Copy, from the entries below, each line in which the string "Kraus" appears.

****************

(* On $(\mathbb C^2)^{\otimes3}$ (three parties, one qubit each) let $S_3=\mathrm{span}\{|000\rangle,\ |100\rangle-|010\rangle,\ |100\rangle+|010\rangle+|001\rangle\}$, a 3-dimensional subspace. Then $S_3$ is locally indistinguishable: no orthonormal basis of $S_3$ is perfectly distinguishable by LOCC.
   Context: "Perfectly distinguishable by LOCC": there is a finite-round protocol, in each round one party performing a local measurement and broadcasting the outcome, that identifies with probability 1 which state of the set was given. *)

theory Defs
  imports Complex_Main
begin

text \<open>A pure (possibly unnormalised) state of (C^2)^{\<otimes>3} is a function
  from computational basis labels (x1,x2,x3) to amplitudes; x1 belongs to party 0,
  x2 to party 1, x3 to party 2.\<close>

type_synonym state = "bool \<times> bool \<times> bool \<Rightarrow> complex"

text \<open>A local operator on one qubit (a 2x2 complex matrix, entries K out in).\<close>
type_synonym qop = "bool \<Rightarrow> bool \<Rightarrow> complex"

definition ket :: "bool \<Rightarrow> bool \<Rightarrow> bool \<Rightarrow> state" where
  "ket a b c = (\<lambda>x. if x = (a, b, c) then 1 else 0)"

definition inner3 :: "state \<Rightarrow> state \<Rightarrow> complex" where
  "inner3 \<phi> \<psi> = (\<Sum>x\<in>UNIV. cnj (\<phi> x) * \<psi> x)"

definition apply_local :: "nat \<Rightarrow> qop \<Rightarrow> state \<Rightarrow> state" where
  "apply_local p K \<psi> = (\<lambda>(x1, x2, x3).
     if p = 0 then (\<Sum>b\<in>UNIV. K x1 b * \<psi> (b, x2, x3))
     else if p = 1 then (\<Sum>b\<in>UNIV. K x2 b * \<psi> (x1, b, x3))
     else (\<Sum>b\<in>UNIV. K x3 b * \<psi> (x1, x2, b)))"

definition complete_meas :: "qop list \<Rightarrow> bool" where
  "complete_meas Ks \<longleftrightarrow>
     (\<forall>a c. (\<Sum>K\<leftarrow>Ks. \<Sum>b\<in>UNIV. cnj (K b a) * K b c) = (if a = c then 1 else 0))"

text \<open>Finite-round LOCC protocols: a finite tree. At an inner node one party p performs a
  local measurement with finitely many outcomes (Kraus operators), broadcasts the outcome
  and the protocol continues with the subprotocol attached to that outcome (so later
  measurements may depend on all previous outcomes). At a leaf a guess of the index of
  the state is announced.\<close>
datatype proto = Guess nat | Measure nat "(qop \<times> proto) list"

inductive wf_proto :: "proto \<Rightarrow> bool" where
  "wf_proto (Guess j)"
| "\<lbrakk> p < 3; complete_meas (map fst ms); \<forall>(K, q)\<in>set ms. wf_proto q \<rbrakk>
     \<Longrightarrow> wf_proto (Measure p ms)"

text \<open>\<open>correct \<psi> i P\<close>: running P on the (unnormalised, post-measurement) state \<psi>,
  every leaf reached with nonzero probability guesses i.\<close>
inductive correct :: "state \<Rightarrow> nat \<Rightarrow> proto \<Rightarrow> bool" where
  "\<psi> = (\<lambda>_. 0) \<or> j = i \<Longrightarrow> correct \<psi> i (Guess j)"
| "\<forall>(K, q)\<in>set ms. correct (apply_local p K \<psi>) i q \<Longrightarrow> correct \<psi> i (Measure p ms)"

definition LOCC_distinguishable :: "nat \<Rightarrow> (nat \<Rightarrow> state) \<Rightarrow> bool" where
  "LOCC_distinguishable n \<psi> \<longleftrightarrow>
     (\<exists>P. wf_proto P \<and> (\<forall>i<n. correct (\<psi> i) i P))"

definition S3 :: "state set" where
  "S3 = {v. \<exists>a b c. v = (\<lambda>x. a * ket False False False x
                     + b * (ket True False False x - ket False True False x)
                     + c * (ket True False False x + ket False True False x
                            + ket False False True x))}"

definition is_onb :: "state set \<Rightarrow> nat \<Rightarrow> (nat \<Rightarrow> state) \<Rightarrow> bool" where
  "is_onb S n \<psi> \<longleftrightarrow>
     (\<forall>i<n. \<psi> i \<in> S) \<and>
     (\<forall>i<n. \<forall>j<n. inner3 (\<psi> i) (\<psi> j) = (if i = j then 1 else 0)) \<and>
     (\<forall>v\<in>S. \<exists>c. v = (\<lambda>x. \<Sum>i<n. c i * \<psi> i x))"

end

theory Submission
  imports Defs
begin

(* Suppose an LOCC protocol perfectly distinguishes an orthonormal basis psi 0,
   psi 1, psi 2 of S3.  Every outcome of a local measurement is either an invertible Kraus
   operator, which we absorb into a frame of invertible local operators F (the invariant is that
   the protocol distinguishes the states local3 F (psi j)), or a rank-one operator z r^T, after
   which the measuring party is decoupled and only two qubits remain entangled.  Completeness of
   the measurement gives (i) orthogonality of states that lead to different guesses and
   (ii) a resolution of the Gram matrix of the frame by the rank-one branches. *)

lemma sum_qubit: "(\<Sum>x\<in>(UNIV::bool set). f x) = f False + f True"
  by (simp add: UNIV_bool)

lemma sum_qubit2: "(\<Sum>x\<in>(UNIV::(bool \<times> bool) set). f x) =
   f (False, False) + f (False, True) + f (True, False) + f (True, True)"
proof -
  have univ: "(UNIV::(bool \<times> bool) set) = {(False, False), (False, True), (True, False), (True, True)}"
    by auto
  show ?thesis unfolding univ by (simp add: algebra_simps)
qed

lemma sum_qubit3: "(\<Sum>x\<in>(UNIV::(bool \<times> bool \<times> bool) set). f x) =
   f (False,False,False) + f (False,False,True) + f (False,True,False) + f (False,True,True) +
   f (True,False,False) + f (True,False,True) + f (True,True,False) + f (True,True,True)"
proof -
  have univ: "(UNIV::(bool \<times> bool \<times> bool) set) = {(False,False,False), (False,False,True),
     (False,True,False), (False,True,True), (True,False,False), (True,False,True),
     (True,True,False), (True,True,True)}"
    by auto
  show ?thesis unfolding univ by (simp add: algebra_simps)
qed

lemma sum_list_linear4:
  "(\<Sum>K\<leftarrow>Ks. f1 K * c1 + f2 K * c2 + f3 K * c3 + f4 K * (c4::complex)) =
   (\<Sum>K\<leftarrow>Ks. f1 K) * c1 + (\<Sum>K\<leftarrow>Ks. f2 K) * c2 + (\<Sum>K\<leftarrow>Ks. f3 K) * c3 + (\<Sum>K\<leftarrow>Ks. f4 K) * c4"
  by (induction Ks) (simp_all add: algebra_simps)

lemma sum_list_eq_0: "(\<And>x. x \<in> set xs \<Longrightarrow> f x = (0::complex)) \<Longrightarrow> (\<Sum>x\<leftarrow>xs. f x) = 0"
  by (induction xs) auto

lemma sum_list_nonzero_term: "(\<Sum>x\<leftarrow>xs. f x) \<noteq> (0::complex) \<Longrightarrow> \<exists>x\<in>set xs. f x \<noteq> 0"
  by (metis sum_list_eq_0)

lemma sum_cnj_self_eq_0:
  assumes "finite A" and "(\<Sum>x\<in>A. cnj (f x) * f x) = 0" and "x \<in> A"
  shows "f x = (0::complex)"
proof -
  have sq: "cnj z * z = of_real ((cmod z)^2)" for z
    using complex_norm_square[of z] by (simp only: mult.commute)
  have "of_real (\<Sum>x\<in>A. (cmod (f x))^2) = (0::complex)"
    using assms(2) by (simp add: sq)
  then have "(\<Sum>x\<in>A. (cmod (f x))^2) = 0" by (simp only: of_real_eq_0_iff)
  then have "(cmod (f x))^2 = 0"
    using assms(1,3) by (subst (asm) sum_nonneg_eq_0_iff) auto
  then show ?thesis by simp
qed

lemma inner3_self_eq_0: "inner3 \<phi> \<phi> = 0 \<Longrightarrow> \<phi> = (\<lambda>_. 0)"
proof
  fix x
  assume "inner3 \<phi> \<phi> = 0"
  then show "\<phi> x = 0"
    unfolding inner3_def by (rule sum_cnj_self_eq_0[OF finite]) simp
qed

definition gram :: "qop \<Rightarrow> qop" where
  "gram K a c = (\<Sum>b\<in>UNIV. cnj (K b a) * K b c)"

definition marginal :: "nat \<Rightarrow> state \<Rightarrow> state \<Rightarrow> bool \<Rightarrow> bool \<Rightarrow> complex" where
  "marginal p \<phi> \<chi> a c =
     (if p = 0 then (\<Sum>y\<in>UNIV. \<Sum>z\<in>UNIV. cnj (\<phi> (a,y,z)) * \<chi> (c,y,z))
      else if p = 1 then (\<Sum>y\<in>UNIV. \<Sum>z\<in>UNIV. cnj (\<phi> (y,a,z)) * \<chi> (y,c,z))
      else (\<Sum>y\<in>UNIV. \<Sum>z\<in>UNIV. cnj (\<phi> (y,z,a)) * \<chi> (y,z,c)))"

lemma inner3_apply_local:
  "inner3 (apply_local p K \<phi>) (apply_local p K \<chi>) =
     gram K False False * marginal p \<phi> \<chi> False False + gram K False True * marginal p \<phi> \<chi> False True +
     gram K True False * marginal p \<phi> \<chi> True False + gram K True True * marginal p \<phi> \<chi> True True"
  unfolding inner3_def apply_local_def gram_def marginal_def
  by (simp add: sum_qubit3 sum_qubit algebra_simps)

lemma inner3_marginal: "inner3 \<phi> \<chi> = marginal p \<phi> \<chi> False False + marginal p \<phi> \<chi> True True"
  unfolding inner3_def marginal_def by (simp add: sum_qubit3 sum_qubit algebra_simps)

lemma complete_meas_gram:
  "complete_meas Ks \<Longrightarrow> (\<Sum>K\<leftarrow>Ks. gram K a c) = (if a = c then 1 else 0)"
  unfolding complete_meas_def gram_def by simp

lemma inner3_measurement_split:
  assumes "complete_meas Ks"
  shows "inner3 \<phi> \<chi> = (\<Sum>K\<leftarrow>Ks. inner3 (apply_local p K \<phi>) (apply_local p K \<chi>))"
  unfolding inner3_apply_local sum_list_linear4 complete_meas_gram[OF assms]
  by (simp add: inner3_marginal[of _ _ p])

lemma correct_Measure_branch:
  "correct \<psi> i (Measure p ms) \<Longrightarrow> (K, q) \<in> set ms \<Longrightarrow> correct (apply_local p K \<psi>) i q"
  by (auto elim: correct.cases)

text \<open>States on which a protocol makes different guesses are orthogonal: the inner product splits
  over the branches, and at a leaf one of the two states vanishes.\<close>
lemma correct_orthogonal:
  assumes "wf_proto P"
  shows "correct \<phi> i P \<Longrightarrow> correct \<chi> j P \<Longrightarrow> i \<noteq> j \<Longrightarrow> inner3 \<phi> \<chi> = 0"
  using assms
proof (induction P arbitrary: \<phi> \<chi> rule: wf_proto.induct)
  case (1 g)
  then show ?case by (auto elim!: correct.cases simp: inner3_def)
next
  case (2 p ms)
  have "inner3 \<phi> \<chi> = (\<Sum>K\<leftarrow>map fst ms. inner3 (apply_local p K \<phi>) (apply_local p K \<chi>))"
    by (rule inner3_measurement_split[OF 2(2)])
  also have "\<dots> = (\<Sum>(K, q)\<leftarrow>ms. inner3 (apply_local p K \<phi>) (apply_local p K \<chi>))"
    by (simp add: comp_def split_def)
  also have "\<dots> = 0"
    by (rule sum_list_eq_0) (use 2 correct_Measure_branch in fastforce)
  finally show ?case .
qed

****************

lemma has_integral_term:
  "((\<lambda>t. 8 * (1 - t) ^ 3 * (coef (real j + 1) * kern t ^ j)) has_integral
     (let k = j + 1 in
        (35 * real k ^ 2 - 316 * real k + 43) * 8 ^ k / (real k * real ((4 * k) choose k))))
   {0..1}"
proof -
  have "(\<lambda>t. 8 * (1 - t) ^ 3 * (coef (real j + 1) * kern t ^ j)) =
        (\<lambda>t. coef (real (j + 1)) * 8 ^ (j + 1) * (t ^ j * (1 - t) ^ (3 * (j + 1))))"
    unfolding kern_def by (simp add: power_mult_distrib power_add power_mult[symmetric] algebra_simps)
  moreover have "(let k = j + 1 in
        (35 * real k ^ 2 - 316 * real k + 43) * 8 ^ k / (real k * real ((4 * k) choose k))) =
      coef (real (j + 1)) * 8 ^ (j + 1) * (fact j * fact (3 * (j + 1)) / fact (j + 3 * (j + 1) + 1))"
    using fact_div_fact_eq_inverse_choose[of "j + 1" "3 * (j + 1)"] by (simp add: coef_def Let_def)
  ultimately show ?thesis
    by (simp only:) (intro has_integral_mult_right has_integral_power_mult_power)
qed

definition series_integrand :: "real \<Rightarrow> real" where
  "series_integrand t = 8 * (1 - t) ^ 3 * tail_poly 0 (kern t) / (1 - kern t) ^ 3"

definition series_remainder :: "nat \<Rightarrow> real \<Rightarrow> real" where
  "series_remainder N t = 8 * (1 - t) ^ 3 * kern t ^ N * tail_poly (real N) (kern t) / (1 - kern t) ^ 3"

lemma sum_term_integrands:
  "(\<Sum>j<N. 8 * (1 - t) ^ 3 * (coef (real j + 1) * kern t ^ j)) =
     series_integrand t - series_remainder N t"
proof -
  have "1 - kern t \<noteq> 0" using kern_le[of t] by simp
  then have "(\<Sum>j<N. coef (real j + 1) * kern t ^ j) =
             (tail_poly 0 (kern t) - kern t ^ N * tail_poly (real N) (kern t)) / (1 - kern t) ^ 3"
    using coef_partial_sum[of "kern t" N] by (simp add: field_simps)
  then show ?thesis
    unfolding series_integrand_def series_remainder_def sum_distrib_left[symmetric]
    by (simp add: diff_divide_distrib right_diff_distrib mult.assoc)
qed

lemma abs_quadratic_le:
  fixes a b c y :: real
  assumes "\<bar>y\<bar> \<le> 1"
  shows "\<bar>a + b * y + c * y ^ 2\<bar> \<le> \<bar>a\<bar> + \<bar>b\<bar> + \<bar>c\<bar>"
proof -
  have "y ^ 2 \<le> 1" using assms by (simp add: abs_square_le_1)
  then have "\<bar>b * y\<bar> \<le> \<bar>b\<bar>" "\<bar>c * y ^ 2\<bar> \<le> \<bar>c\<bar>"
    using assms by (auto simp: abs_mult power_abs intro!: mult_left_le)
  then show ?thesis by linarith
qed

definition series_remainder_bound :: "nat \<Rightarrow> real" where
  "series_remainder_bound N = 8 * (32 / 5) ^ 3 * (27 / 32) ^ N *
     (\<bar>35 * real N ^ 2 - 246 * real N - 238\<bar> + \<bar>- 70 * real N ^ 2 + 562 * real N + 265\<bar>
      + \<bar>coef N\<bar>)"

****************

▸ **Task response**
  local measurement with finitely many outcomes (Kraus operators), broadcasts the outcome
   psi 1, psi 2 of S3.  Every outcome of a local measurement is either an invertible Kraus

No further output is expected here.